(* Let $P=(L_1,\dots,L_7)$ be a heptagon with smooth adjoint quartic $C$ and associated theta characteristic $\eta$. Then the following linear equivalences of divisors on $C$ hold: \begin{align*} \eta+p_{13}-p_{46} &\sim p_{47}+p_{57}, & \eta+p_{46}-p_{13} &\sim p_{37}+p_{27},\\ \eta+p_{46}-p_{27} &\sim p_{37}+p_{13}, & \eta+p_{27}-p_{46} &\sim p_{36}+p_{35},\\ \eta+p_{27}-p_{35} &\sim p_{36}+p_{46}, & \eta+p_{35}-p_{27} &\sim p_{26}+p_{16},\\ \eta+p_{35}-p_{16} &\sim p_{26}+p_{27}, & \eta+p_{16}-p_{35} &\sim p_{25}+p_{24},\\ \eta+p_{16}-p_{24} &\sim p_{25}+p_{35}, & \eta+p_{24}-p_{16} &\sim p_{15}+p_{57},\\ \eta+p_{24}-p_{57} &\sim p_{15}+p_{16}, & \eta+p_{57}-p_{24} &\sim p_{14}+p_{13},\\ \eta+p_{57}-p_{13} &\sim p_{14}+p_{24}, & \eta+p_{13}-p_{57} &\sim p_{47}+p_{46}. \end{align*}
   Context: Work over $\mathbb{C}$. A heptagon is an ordered $7$-tuple $(L_1,\dots,L_7)$ of distinct lines in $\mathbb{P}^2$, no three passing through a common point. Write $p_{ij}=L_i\cap L_j$. The residual arrangement $\mathcal{R}(P)$ is the set of the $14$ points $p_{ij}$ with $i,j$ not consecutive modulo $7$; the adjoint quartic is the unique plane quartic $C$ through $\mathcal{R}(P)$. If $C$ is smooth, the associated theta characteristic is $\eta:=\sum_{p\in\mathcal{R}(P)}p-3H$ (a divisor class on $C$ with $2\eta\sim H$), where $H$ is the class of a line. *)

theory Defs
  imports "HOL-Complex_Analysis.Complex_Analysis"
begin

text \<open>Vectors in C^3 (homogeneous coordinates of points of P^2, or coefficient
vectors of lines).\<close>
type_synonym cvec = "complex \<times> complex \<times> complex"

definition c1 :: "cvec \<Rightarrow> complex" where "c1 v = fst v"
definition c2 :: "cvec \<Rightarrow> complex" where "c2 v = fst (snd v)"
definition c3 :: "cvec \<Rightarrow> complex" where "c3 v = snd (snd v)"
lemma dim_supported_polys:
  assumes "finite M"
  shows "mpoly.dim {p :: 'k::field mpoly. Poly_Mapping.keys p \<subseteq> M} = card M"
proof -
  let ?B = "(\<lambda>m. Poly_Mapping.single m (1::'k)) ` M"
  have "inj_on (\<lambda>m. Poly_Mapping.single m (1::'k)) M"
    by (rule inj_onI) simp
  then have "card ?B = card M" by (rule card_image)
  moreover have "{p. Poly_Mapping.keys p \<subseteq> M} \<subseteq> mpoly.span ?B"
  proof
    fix p :: "'k mpoly" assume "p \<in> {p. Poly_Mapping.keys p \<subseteq> M}"
    then have "(\<Sum>m\<in>Poly_Mapping.keys p. pscale (Poly_Mapping.lookup p m) (Poly_Mapping.single m 1))
        \<in> mpoly.span ?B"
      by (intro mpoly.span_sum mpoly.span_scale mpoly.span_base) auto
    then show "p \<in> mpoly.span ?B" by (simp add: pscale_single_one sum_single_lookup)
  qed
  moreover have "?B \<subseteq> {p. Poly_Mapping.keys p \<subseteq> M}" by auto
  ultimately show ?thesis using mpoly.basis_card_eq_dim[OF _ _ independent_monomials] by metis
qed

lemma polys_add: "p \<in> polys n \<Longrightarrow> q \<in> polys n \<Longrightarrow> p + q \<in> polys n"
  unfolding polys_def using keys_add[of p q] by blast

lemma zero_in_polys [simp]: "0 \<in> polys n"
  by (simp add: polys_def)

lemma single_in_polys: "Poly_Mapping.keys m \<subseteq> {..<n} \<Longrightarrow> Poly_Mapping.single m c \<in> polys n"
  by (simp add: polys_def)

lemma polys_sum: "(\<And>i. i \<in> A \<Longrightarrow> f i \<in> polys n) \<Longrightarrow> sum f A \<in> polys n"
  by (induction A rule: infinite_finite_induct) (auto intro: polys_add)

lemma keys_add_nat:
  "Poly_Mapping.keys (a + b) = Poly_Mapping.keys a \<union> Poly_Mapping.keys (b :: 'a \<Rightarrow>\<^sub>0 nat)"
  by (auto simp: in_keys_iff lookup_add)

lemma polys_mult: "p \<in> polys n \<Longrightarrow> q \<in> polys n \<Longrightarrow> p * q \<in> polys n"
  unfolding polys_def using keys_mult[of p q] by (fastforce simp: keys_add_nat)

lemma mdeg_eq_sum:
  "finite S \<Longrightarrow> Poly_Mapping.keys m \<subseteq> S \<Longrightarrow> mdeg m = (\<Sum>i\<in>S. Poly_Mapping.lookup m i)"
  unfolding mdeg_def by (rule sum.mono_neutral_left) (auto simp: in_keys_iff)

lemma mdeg_add: "mdeg (a + b) = mdeg a + mdeg b"
proof -
  let ?S = "Poly_Mapping.keys a \<union> Poly_Mapping.keys b"
  have "mdeg (a + b) = (\<Sum>i\<in>?S. Poly_Mapping.lookup (a + b) i)"
    by (rule mdeg_eq_sum) (simp_all add: keys_add_nat)
  also have "\<dots> = (\<Sum>i\<in>?S. Poly_Mapping.lookup a i) + (\<Sum>i\<in>?S. Poly_Mapping.lookup b i)"
    by (simp add: lookup_add sum.distrib)
  also have "\<dots> = mdeg a + mdeg b"
    by (simp add: mdeg_eq_sum[symmetric])
  finally show ?thesis .
qed

lemma mdeg_single [simp]: "mdeg (Poly_Mapping.single i k) = k"
  by (simp add: mdeg_def)

lemma zero_in_hom_polys [simp]: "0 \<in> hom_polys n d"
  by (simp add: hom_polys_def)

lemma hom_polys_add: "p \<in> hom_polys n d \<Longrightarrow> q \<in> hom_polys n d \<Longrightarrow> p + q \<in> hom_polys n d"
  unfolding hom_polys_def using keys_add[of p q] by (blast intro: polys_add)

lemma hom_polys_sum: "(\<And>i. i \<in> A \<Longrightarrow> f i \<in> hom_polys n d) \<Longrightarrow> sum f A \<in> hom_polys n d"
  by (induction A rule: infinite_finite_induct) (auto intro: hom_polys_add)

lemma hom_polys_mult:
  "p \<in> hom_polys n d \<Longrightarrow> q \<in> hom_polys n e \<Longrightarrow> p * q \<in> hom_polys n (d + e)"
  unfolding hom_polys_def using keys_mult[of p q] by (fastforce simp: mdeg_add intro: polys_mult)

lemma Var_in_hom_polys: "i < n \<Longrightarrow> Var i \<in> hom_polys n 1"
  by (simp add: Var_def hom_polys_def polys_def)

lemma Var_power: "Var i ^ k = Poly_Mapping.single (Poly_Mapping.single i k) 1"
proof (induction k)
  case (Suc k)
  then show ?case by (simp add: Var_def mult_single single_add[symmetric])
qed simp

lemma lookup_Var_mult:
  "Poly_Mapping.lookup (Var j * p) m =
   (if Poly_Mapping.lookup m j = 0 then 0 else Poly_Mapping.lookup p (m - Poly_Mapping.single j 1))"
proof -
  have "Var j * p =
        (\<Sum>a\<in>Poly_Mapping.keys p.
           Poly_Mapping.single (Poly_Mapping.single j 1 + a) (Poly_Mapping.lookup p a))"
    by (subst (1) sum_single_lookup[symmetric]) (simp add: Var_def sum_distrib_left mult_single)
  moreover have "Poly_Mapping.single j 1 + a = m \<longleftrightarrow>
      Poly_Mapping.lookup m j \<noteq> 0 \<and> a = m - Poly_Mapping.single j 1" for a
  proof
    assume "Poly_Mapping.single j 1 + a = m"
    then show "Poly_Mapping.lookup m j \<noteq> 0 \<and> a = m - Poly_Mapping.single j 1"
      by (auto intro!: poly_mapping_eqI simp: lookup_add lookup_minus)
  next
    assume "Poly_Mapping.lookup m j \<noteq> 0 \<and> a = m - Poly_Mapping.single j 1"
    then show "Poly_Mapping.single j 1 + a = m"
      by (auto intro!: poly_mapping_eqI simp: lookup_add lookup_minus lookup_single when_def)
  qed
  ultimately show ?thesis
    by (auto simp: lookup_sum lookup_single when_def in_keys_iff)
qed

lemma lookup_sum_Var_mult:
  "Poly_Mapping.lookup ((\<Sum>j<n. Var j) * p) m =
   (\<Sum>j<n. if Poly_Mapping.lookup m j = 0 then 0
           else Poly_Mapping.lookup p (m - Poly_Mapping.single j 1))"
  by (simp add: sum_distrib_right lookup_sum lookup_Var_mult)

section \<open>Monomials as exponent vectors\<close>

definition monomials :: "nat \<Rightarrow> nat \<Rightarrow> (nat \<Rightarrow>\<^sub>0 nat) set" where
  "monomials n d = {m. Poly_Mapping.keys m \<subseteq> {..<n} \<and> mdeg m = d}"

lemma hom_polys_eq: "hom_polys n d = {p. Poly_Mapping.keys p \<subseteq> monomials n d}"
  by (auto simp: hom_polys_def polys_def monomials_def)

definition exps :: "nat \<Rightarrow> (nat \<Rightarrow>\<^sub>0 nat) \<Rightarrow> nat list" where
  "exps n m = map (Poly_Mapping.lookup m) [0..<n]"

definition monom_of_list :: "nat list \<Rightarrow> (nat \<Rightarrow>\<^sub>0 nat)" where
  "monom_of_list xs = (\<Sum>i<length xs. Poly_Mapping.single i (xs ! i))"

lemma lookup_monom_of_list:
  "Poly_Mapping.lookup (monom_of_list xs) i = (if i < length xs then xs ! i else 0)"
  by (simp add: monom_of_list_def lookup_sum lookup_single when_def)

lemma length_exps [simp]: "length (exps n m) = n"
  by (simp add: exps_def)

lemma nth_exps [simp]: "i < n \<Longrightarrow> exps n m ! i = Poly_Mapping.lookup m i"
  by (simp add: exps_def)

lemma monom_of_list_exps: "Poly_Mapping.keys m \<subseteq> {..<n} \<Longrightarrow> monom_of_list (exps n m) = m"
  by (rule poly_mapping_eqI) (auto simp: lookup_monom_of_list in_keys_iff)

lemma exps_monom_of_list: "exps (length xs) (monom_of_list xs) = xs"
  by (simp add: list_eq_iff_nth_eq lookup_monom_of_list)

lemma keys_monom_of_list: "Poly_Mapping.keys (monom_of_list xs) \<subseteq> {..<length xs}"
  by (auto simp: in_keys_iff lookup_monom_of_list split: if_splits)

lemma mdeg_eq_sum_list_exps: "Poly_Mapping.keys m \<subseteq> {..<n} \<Longrightarrow> mdeg m = sum_list (exps n m)"
  by (simp add: mdeg_eq_sum exps_def sum_list_sum_nth atLeast0LessThan)

lemma bij_betw_exps:
  "bij_betw (exps n) {m \<in> monomials n d. P (exps n m)} {xs. length xs = n \<and> sum_list xs = d \<and> P xs}"
proof (rule bij_betw_byWitness[where f' = monom_of_list])
  show "\<forall>m\<in>{m \<in> monomials n d. P (exps n m)}. monom_of_list (exps n m) = m"
    by (simp add: monomials_def monom_of_list_exps)
  show "\<forall>xs\<in>{xs. length xs = n \<and> sum_list xs = d \<and> P xs}. exps n (monom_of_list xs) = xs"
    using exps_monom_of_list by blast
  show "exps n ` {m \<in> monomials n d. P (exps n m)} \<subseteq> {xs. length xs = n \<and> sum_list xs = d \<and> P xs}"
    by (auto simp: monomials_def mdeg_eq_sum_list_exps)
  show "monom_of_list ` {xs. length xs = n \<and> sum_list xs = d \<and> P xs} \<subseteq> {m \<in> monomials n d. P (exps n m)}"
    using keys_monom_of_list exps_monom_of_list
    by (fastforce simp: monomials_def mdeg_eq_sum_list_exps)
qed

lemma finite_monomials: "finite (monomials n d)"
proof -
  have "{xs. length xs = n \<and> sum_list xs = d} \<subseteq> set (List.n_lists n [0..<Suc d])"
    by (auto simp: set_n_lists dest: member_le_sum_list)
  then have "finite {xs. length xs = n \<and> sum_list xs = d}"
    using finite_subset by blast
  then show ?thesis
    using bij_betw_finite[OF bij_betw_exps[where P = "\<lambda>_. True"]] by simp
qed

lemma exps_minus_single:
  "j < n \<Longrightarrow> exps n (m - Poly_Mapping.single j 1) = (exps n m)[j := exps n m ! j - 1]"
  by (simp add: list_eq_iff_nth_eq nth_list_update lookup_minus lookup_single when_def)

lemma minus_single_in_monomials:
  assumes "m \<in> monomials n (Suc d)" and "Poly_Mapping.lookup m j \<noteq> 0"
  shows "m - Poly_Mapping.single j 1 \<in> monomials n d"
proof -
  have m: "m = Poly_Mapping.single j 1 + (m - Poly_Mapping.single j 1)"
    using assms(2) by (intro poly_mapping_eqI) (auto simp: lookup_add lookup_minus lookup_single when_def)
  then have "Poly_Mapping.keys (m - Poly_Mapping.single j 1) \<subseteq> Poly_Mapping.keys m"
    by (metis Un_upper2 keys_add_nat)
  moreover have "mdeg m = 1 + mdeg (m - Poly_Mapping.single j 1)"
    by (subst m) (simp add: mdeg_add)
  ultimately show ?thesis using assms(1) by (auto simp: monomials_def)
qed

fun bounded_compositions :: "nat \<Rightarrow> nat \<Rightarrow> nat \<Rightarrow> nat list list" where
  "bounded_compositions b 0 d = (if d = 0 then [[]] else [])"
| "bounded_compositions b (Suc k) d =
     concat (map (\<lambda>a. map (Cons a) (bounded_compositions b k (d - a))) [0..<Suc (min b d)])"

lemma set_bounded_compositions:
  "set (bounded_compositions b k d) = {xs. length xs = k \<and> sum_list xs = d \<and> (\<forall>x\<in>set xs. x \<le> b)}"
proof (induction k arbitrary: d)
  case (Suc k)
  have "set (bounded_compositions b (Suc k) d) =
        (\<Union>a\<in>{..min b d}. Cons a ` set (bounded_compositions b k (d - a)))"
    by (simp only: bounded_compositions.simps set_concat set_map set_upt image_image
        atLeast0LessThan lessThan_Suc_atMost)
  also have "\<dots> = {xs. length xs = Suc k \<and> sum_list xs = d \<and> (\<forall>x\<in>set xs. x \<le> b)}"
    (is "?U = ?S")
  proof
    show "?U \<subseteq> ?S"
    proof
      fix xs assume "xs \<in> ?U"
      then obtain a ys where "xs = a # ys" "a \<le> min b d"
        "ys \<in> set (bounded_compositions b k (d - a))"
        by blast
      then show "xs \<in> ?S" by (auto simp: Suc.IH)
    qed
    show "?S \<subseteq> ?U"
    proof
      fix xs assume xs: "xs \<in> ?S"
      then obtain a ys where "xs = a # ys" by (cases xs) auto
      with xs have "a \<in> {..min b d}" "ys \<in> set (bounded_compositions b k (d - a))"
        by (auto simp: Suc.IH)
      with \<open>xs = a # ys\<close> show "xs \<in> ?U" by blast
    qed
  qed
  finally show ?case .
qed auto

lemma distinct_concat_map_Cons:
  "distinct xs \<Longrightarrow> (\<And>a. distinct (f a)) \<Longrightarrow> distinct (concat (map (\<lambda>a. map (Cons a) (f a)) xs))"
  by (induction xs) (auto simp: distinct_map)

lemma distinct_bounded_compositions: "distinct (bounded_compositions b k d)"
  by (induction k arbitrary: d) (simp_all add: distinct_concat_map_Cons del: upt_Suc)

lemma exists_add_iff_lookup_le:
  "(\<exists>q. m = a + q) \<longleftrightarrow> (\<forall>i. Poly_Mapping.lookup a i \<le> Poly_Mapping.lookup (m :: 'a \<Rightarrow>\<^sub>0 nat) i)"
proof
  assume "\<forall>i. Poly_Mapping.lookup a i \<le> Poly_Mapping.lookup m i"
  then have "m = a + (m - a)"
    by (intro poly_mapping_eqI) (simp add: lookup_add lookup_minus)
  then show "\<exists>q. m = a + q" ..
qed (auto simp: lookup_add)

section \<open>Monomial ideals\<close>

lemma gen_idealI: "(\<And>j. j < r \<Longrightarrow> h j \<in> polys n) \<Longrightarrow> (\<Sum>j<r. h j * g j) \<in> gen_ideal n g r"
  by (auto simp: gen_ideal_def)

lemma gen_ideal_add:
  "p \<in> gen_ideal n g r \<Longrightarrow> q \<in> gen_ideal n g r \<Longrightarrow> p + q \<in> gen_ideal n g r"
proof -
  assume "p \<in> gen_ideal n g r" "q \<in> gen_ideal n g r"
  then obtain h h' where p: "p = (\<Sum>j<r. h j * g j)" and h: "\<forall>j<r. h j \<in> polys n"
    and q: "q = (\<Sum>j<r. h' j * g j)" and h': "\<forall>j<r. h' j \<in> polys n"
    unfolding gen_ideal_def by blast
  have "p + q = (\<Sum>j<r. (h j + h' j) * g j)"
    by (simp add: p q sum.distrib distrib_right)
  also have "\<dots> \<in> gen_ideal n g r"
    using h h' by (intro gen_idealI polys_add) auto
  finally show ?thesis .
qed

lemma zero_in_gen_ideal: "0 \<in> gen_ideal n g r"
  unfolding gen_ideal_def by (rule CollectI, rule exI[of _ "\<lambda>_. 0"]) simp

lemma gen_ideal_sum:
  "(\<And>i. i \<in> A \<Longrightarrow> f i \<in> gen_ideal n g r) \<Longrightarrow> sum f A \<in> gen_ideal n g r"
  by (induction A rule: infinite_finite_induct) (auto intro: zero_in_gen_ideal gen_ideal_add)

lemma mult_in_gen_ideal: "j < r \<Longrightarrow> h \<in> polys n \<Longrightarrow> h * g j \<in> gen_ideal n g r"
proof -
  assume "j < r" "h \<in> polys n"
  then have "h * g j = (\<Sum>j'<r. (if j' = j then h else 0) * g j')"
    "\<forall>j'<r. (if j' = j then h else 0) \<in> polys n"
    by (simp_all add: if_distrib[of "\<lambda>x. x * _"] cong: if_cong)
  then show ?thesis using gen_idealI[of r "\<lambda>j'. if j' = j then h else 0"] by simp
qed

------------------------------------------------------------

REQUIRED WORK => Lines to set down from above: the line with "ultimately show ?thesis using assms(1)", the line with "0 then [[]]", and every line between, each exactly as written.

ANSWER FOR THE TASK =>
  ultimately show ?thesis using assms(1) by (auto simp: monomials_def)
qed

fun bounded_compositions :: "nat \<Rightarrow> nat \<Rightarrow> nat \<Rightarrow> nat list list" where
  "bounded_compositions b 0 d = (if d = 0 then [[]] else [])"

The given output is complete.